definition Qtilde :: "(real \<times> (real^'n^'n)) set" where
  "Qtilde = {(r, A). symmetric_matrix A \<and> (r \<le> 0 \<or> largest_eigenvalue A \<ge> 0)}"

definition C2_on_ball_with ::
  "(real^'n \<Rightarrow> real) \<Rightarrow> (real^'n \<Rightarrow> real^'n) \<Rightarrow> (real^'n \<Rightarrow> real^'n^'n) \<Rightarrow> real^'n \<Rightarrow> real \<Rightarrow> bool" where
  "C2_on_ball_with phi Dphi D2phi x0 r \<longleftrightarrow>
     (\<forall>x\<in>ball x0 r. (phi has_derivative (\<lambda>h. Dphi x \<bullet> h)) (at x)
                   \<and> (Dphi has_derivative (\<lambda>h. D2phi x *v h)) (at x))
     \<and> continuous_on (ball x0 r) D2phi"

definition upper_jet :: "(real^'n) set \<Rightarrow> (real^'n \<Rightarrow> ereal) \<Rightarrow> real^'n \<Rightarrow> (real \<times> (real^'n^'n)) set" where
  "upper_jet \<Omega> w x0 = {(phi x0, D2phi x0) | phi Dphi D2phi. \<exists>r>0. ball x0 r \<subseteq> \<Omega>
       \<and> C2_on_ball_with phi Dphi D2phi x0 r
       \<and> (\<forall>y\<in>ball x0 r. w y \<le> ereal (phi y)) \<and> w x0 = ereal (phi x0)}"

definition Qtilde_subharmonic_at :: "(real^'n) set \<Rightarrow> (real^'n \<Rightarrow> ereal) \<Rightarrow> real^'n \<Rightarrow> bool" where
  "Qtilde_subharmonic_at \<Omega> w x0 \<longleftrightarrow> upper_jet \<Omega> w x0 \<subseteq> Qtilde"

definition subaffine_at :: "(real^'n) set \<Rightarrow> (real^'n \<Rightarrow> ereal) \<Rightarrow> real^'n \<Rightarrow> bool" where
  "subaffine_at \<Omega> w x0 \<longleftrightarrow> \<not> (\<exists>\<epsilon>>0. \<exists>\<rho>>0. \<exists>b c.
       w x0 = ereal (b \<bullet> x0 + c) \<and>
       (\<forall>x\<in>ball x0 \<rho> \<inter> \<Omega>. w x \<le> ereal (b \<bullet> x + c - \<epsilon> * (norm (x - x0))\<^sup>2)))"

end

theory Submission
  imports Defs
begin

(* If w(x0) > 0 and w is not subaffine at x0, the paraboloid b.x + c - eps |x - x0|^2 touches w
   from above at x0, so (w(x0), -2 eps I) is an upper jet outside Q~. Conversely, let (r, A) be an
   upper jet with r > 0 and lambda_N(A) < 0, realised by a test function phi. Its second-order
   Taylor expansion at x0, together with h.Ah <= lambda_N(A) |h|^2, puts the paraboloid with
   opening lambda_N(A)/4 above phi, hence above w, near x0: w is not subaffine there. Finally every
   jet Hessian is symmetric, because a pointwise second derivative is symmetric (compare the
   two first-order expansions of a symmetric second difference). *)

section \<open>Symmetric matrices\<close>

lemma symmetric_matrix_inner_commute:
  fixes A :: "real^'n^'n"
  assumes "transpose A = A"
  shows "x \<bullet> (A *v y) = (A *v x) \<bullet> y"
  by (metis assms dot_lmul_matrix transpose_matrix_vector)

lemma mat_mult_vector: "mat c *v (x::real^'n) = c *\<^sub>R x"
  by (simp add: vec_eq_iff matrix_vector_mult_def mat_def if_distrib if_distribR cong del: if_weak_cong)

lemma linear_coeff_zero_if_quadratic_nonneg:
  fixes a c :: real
  assumes "\<And>t. 0 \<le> t * a + t\<^sup>2 * c"
  shows "a = 0"
proof (rule ccontr)
  assume "a \<noteq> 0"
  define k where "k = \<bar>c\<bar> + 1"
  define t where "t = - a / (2 * k)"
  have k: "k > 0" by (simp add: k_def)
  have "t\<^sup>2 * c \<le> t\<^sup>2 * k" by (rule mult_left_mono) (auto simp: k_def)
  then have "t * a + t\<^sup>2 * c \<le> t * a + t\<^sup>2 * k" by simp
  also have "\<dots> = - a\<^sup>2 / (4 * k)"
    using k by (simp add: t_def power2_eq_square field_simps)
  also have "\<dots> < 0" using \<open>a \<noteq> 0\<close> k by simp
  finally show False using assms[of t] by simp
qed

lemma finite_eigenvalues_symmetric:
  fixes A :: "real^'n^'n"
  assumes sym: "transpose A = A"
  shows "finite {c. \<exists>v. v \<noteq> 0 \<and> A *v v = c *\<^sub>R v}"
proof -
  define E where "E = {c. \<exists>v. v \<noteq> 0 \<and> A *v v = c *\<^sub>R v}"
  define ev where "ev c = (SOME v. v \<noteq> 0 \<and> A *v v = c *\<^sub>R v)" for c
  have ev: "ev c \<noteq> 0" "A *v ev c = c *\<^sub>R ev c" if "c \<in> E" for c
    using someI_ex[of "\<lambda>v. v \<noteq> 0 \<and> A *v v = c *\<^sub>R v"] that by (simp_all add: E_def ev_def)
  have inj: "inj_on ev E"
  proof (rule inj_onI)
    fix c1 c2 assume c: "c1 \<in> E" "c2 \<in> E" "ev c1 = ev c2"
    have "c1 *\<^sub>R ev c1 = A *v ev c2" using ev(2)[OF c(1)] c(3) by simp
    also have "\<dots> = c2 *\<^sub>R ev c1" using ev(2)[OF c(2)] c(3) by simp
    finally show "c1 = c2" using ev(1)[OF c(1)] by simp
  qed
  have "pairwise orthogonal (ev ` E)"
  proof (rule pairwiseI)
    fix x y assume "x \<in> ev ` E" "y \<in> ev ` E" "x \<noteq> y"
    then obtain c1 c2 where c: "c1 \<in> E" "c2 \<in> E" and xy: "x = ev c1" "y = ev c2" "c1 \<noteq> c2"
      by blast
    have "c1 * (ev c1 \<bullet> ev c2) = (A *v ev c1) \<bullet> ev c2" using ev(2)[OF c(1)] by simp
    also have "\<dots> = ev c1 \<bullet> (A *v ev c2)" using symmetric_matrix_inner_commute[OF sym] by simp
    also have "\<dots> = c2 * (ev c1 \<bullet> ev c2)" using ev(2)[OF c(2)] by simp
    finally have "(c1 - c2) * (ev c1 \<bullet> ev c2) = 0" by (simp add: algebra_simps)
    then show "orthogonal x y" using xy by (simp add: orthogonal_def)
  qed
  moreover have "0 \<notin> ev ` E" using ev(1) by auto
  ultimately have "independent (ev ` E)" by (rule pairwise_orthogonal_independent)
  then have "finite (ev ` E)" by (rule eucl.finiteI_independent)
  then show ?thesis using inj unfolding E_def by (rule finite_imageD)
qed

(* The maximiser v of the quadratic form on the unit sphere is an eigenvector: perturbing v in the
   direction y = \<mu> v - A v gives a nonnegative quadratic in t with linear coefficient 2 |y|^2. *)
lemma symmetric_matrix_quadratic_form_max_eigenvalue:
  fixes A :: "real^'n^'n"
  assumes sym: "transpose A = A"
  obtains \<mu> v where "v \<noteq> 0" "A *v v = \<mu> *\<^sub>R v" "\<And>h. h \<bullet> (A *v h) \<le> \<mu> * (norm h)\<^sup>2"
proof -
  have "sphere (0::real^'n) 1 \<noteq> {}" by (metis mem_sphere_0 norm_axis_1 empty_iff)
  moreover have "continuous_on (sphere 0 1) (\<lambda>h. h \<bullet> (A *v h))"
    by (intro continuous_intros matrix_vector_mult_linear_continuous_on)
  ultimately obtain v where "v \<in> sphere 0 1" "\<forall>k\<in>sphere 0 1. k \<bullet> (A *v k) \<le> v \<bullet> (A *v v)"
    using continuous_attains_sup[OF compact_sphere] by blast
  then have v: "norm v = 1" and vmax: "\<And>k. norm k = 1 \<Longrightarrow> k \<bullet> (A *v k) \<le> v \<bullet> (A *v v)"
    by auto
  define \<mu> where "\<mu> = v \<bullet> (A *v v)"
  have bound: "h \<bullet> (A *v h) \<le> \<mu> * (norm h)\<^sup>2" for h
  proof (cases "h = 0")
    case False
    define k where "k = (1 / norm h) *\<^sub>R h"
    have "k \<bullet> (A *v k) \<le> \<mu>" using vmax[of k] False by (simp add: k_def \<mu>_def)
    moreover have "k \<bullet> (A *v k) = h \<bullet> (A *v h) / (norm h)\<^sup>2"
      by (simp add: k_def matrix_vector_mult_scaleR power2_eq_square)
    ultimately show ?thesis using False by (simp add: field_simps)
  qed simp
  define y where "y = \<mu> *\<^sub>R v - A *v v"
  have "0 \<le> t * (2 * (y \<bullet> y)) + t\<^sup>2 * (\<mu> * (norm y)\<^sup>2 - y \<bullet> (A *v y))" for t
  proof -
    have "0 \<le> \<mu> * (norm (v + t *\<^sub>R y))\<^sup>2 - (v + t *\<^sub>R y) \<bullet> (A *v (v + t *\<^sub>R y))"
      using bound[of "v + t *\<^sub>R y"] by simp
    also have "\<dots> = t * (2 * (y \<bullet> y)) + t\<^sup>2 * (\<mu> * (norm y)\<^sup>2 - y \<bullet> (A *v y))"
    proof -
      have "v \<bullet> (A *v y) = y \<bullet> (A *v v)"
        using symmetric_matrix_inner_commute[OF sym, of v y] by (simp add: inner_commute)
      moreover have "v \<bullet> v = 1" using v by (simp add: dot_square_norm)
      ultimately show ?thesis
        unfolding power2_norm_eq_inner y_def \<mu>_def
        by (simp add: algebra_simps power2_eq_square inner_commute)
    qed
    finally show ?thesis .
  qed
  then have "y \<bullet> y = 0" using linear_coeff_zero_if_quadratic_nonneg by fastforce
  then have "A *v v = \<mu> *\<^sub>R v" by (simp add: y_def)
  moreover have "v \<noteq> 0" using v by auto
  ultimately show ?thesis using that bound by simp
qed

lemma quadratic_form_le_largest_eigenvalue:
  fixes A :: "real^'n^'n"
  assumes "symmetric_matrix A"
  shows "h \<bullet> (A *v h) \<le> largest_eigenvalue A * (norm h)\<^sup>2"
proof -
  have sym: "transpose A = A" using assms by (simp add: symmetric_matrix_def)
  obtain \<mu> v where "v \<noteq> 0" "A *v v = \<mu> *\<^sub>R v" and bound: "\<And>h. h \<bullet> (A *v h) \<le> \<mu> * (norm h)\<^sup>2"
    by (rule symmetric_matrix_quadratic_form_max_eigenvalue[OF sym]) auto
  then have "\<mu> \<le> largest_eigenvalue A"
    unfolding largest_eigenvalue_def using finite_eigenvalues_symmetric[OF sym] by (intro Max_ge) auto
  then show ?thesis using bound[of h] by (meson order_trans mult_right_mono zero_le_power2)
qed

lemma largest_eigenvalue_mat: "largest_eigenvalue (mat c :: real^'n^'n) = c"
proof -
  have "{c'. \<exists>v::real^'n. v \<noteq> 0 \<and> mat c *v v = c' *\<^sub>R v} = {c}"
  proof (intro equalityI subsetI)
    fix c' assume "c' \<in> {c'. \<exists>v::real^'n. v \<noteq> 0 \<and> mat c *v v = c' *\<^sub>R v}"
    then show "c' \<in> {c}" by (auto simp: mat_mult_vector)
  next
    fix c' assume "c' \<in> {c}"
    then show "c' \<in> {c'. \<exists>v::real^'n. v \<noteq> 0 \<and> mat c *v v = c' *\<^sub>R v}"
      by (auto simp: mat_mult_vector intro!: exI[of _ "axis undefined 1"])
  qed
  then show ?thesis by (simp add: largest_eigenvalue_def)
qed

section \<open>Second-order expansions\<close>

lemma mvt_segment:
  fixes f :: "'a::real_normed_vector \<Rightarrow> real"
  assumes "\<And>s. 0 \<le> s \<Longrightarrow> s \<le> 1 \<Longrightarrow> (f has_derivative f' (a + s *\<^sub>R h)) (at (a + s *\<^sub>R h))"
  obtains z where "0 < z" "z < 1" "f (a + h) - f a = f' (a + z *\<^sub>R h) h"
proof -
  have "((\<lambda>s. f (a + s *\<^sub>R h)) has_derivative (\<lambda>d. f' (a + s *\<^sub>R h) (d *\<^sub>R h))) (at s within {0..1})"
    if "0 \<le> s" "s \<le> 1" for s
  proof -
    have "((\<lambda>s. a + s *\<^sub>R h) has_derivative (\<lambda>d. d *\<^sub>R h)) (at s within {0..1})"
      by (auto intro!: derivative_eq_intros)
    from has_derivative_compose[OF this assms[OF that]] show ?thesis .
  qed
  from mvt_simple[OF zero_less_one this] obtain z where "z \<in> {0<..<1}"
    and "f (a + 1 *\<^sub>R h) - f (a + 0 *\<^sub>R h) = f' (a + z *\<^sub>R h) ((1 - 0) *\<^sub>R h)"
    by blast
  then show ?thesis by (intro that[of z]) auto
qed

lemma has_derivative_remainder_bound:
  fixes f :: "'a::real_normed_vector \<Rightarrow> 'b::real_normed_vector"
  assumes "(f has_derivative f') (at x0)" and "\<eta> > 0"
  obtains d where "d > 0"
    and "\<And>y s. norm (y - x0) \<le> s \<Longrightarrow> s < d \<Longrightarrow> norm (f y - f x0 - f' (y - x0)) \<le> \<eta> * s"
proof -
  obtain d where "d > 0" and d: "\<And>y. norm (y - x0) < d \<Longrightarrow>
      norm (f y - f x0 - f' (y - x0)) \<le> \<eta> * norm (y - x0)"
    using assms by (auto simp: has_derivative_at_alt)
  show ?thesis
  proof (rule that[OF \<open>d > 0\<close>])
    fix y s assume "norm (y - x0) \<le> s" "s < d"
    then have "norm (f y - f x0 - f' (y - x0)) \<le> \<eta> * norm (y - x0)" by (intro d) simp
    also have "\<dots> \<le> \<eta> * s" using \<open>norm (y - x0) \<le> s\<close> \<open>\<eta> > 0\<close> by simp
    finally show "norm (f y - f x0 - f' (y - x0)) \<le> \<eta> * s" .
  qed
qed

++++

Go over the listing above and return each line with "section".

section \<open>Symmetric matrices\<close>
section \<open>Second-order expansions\<close>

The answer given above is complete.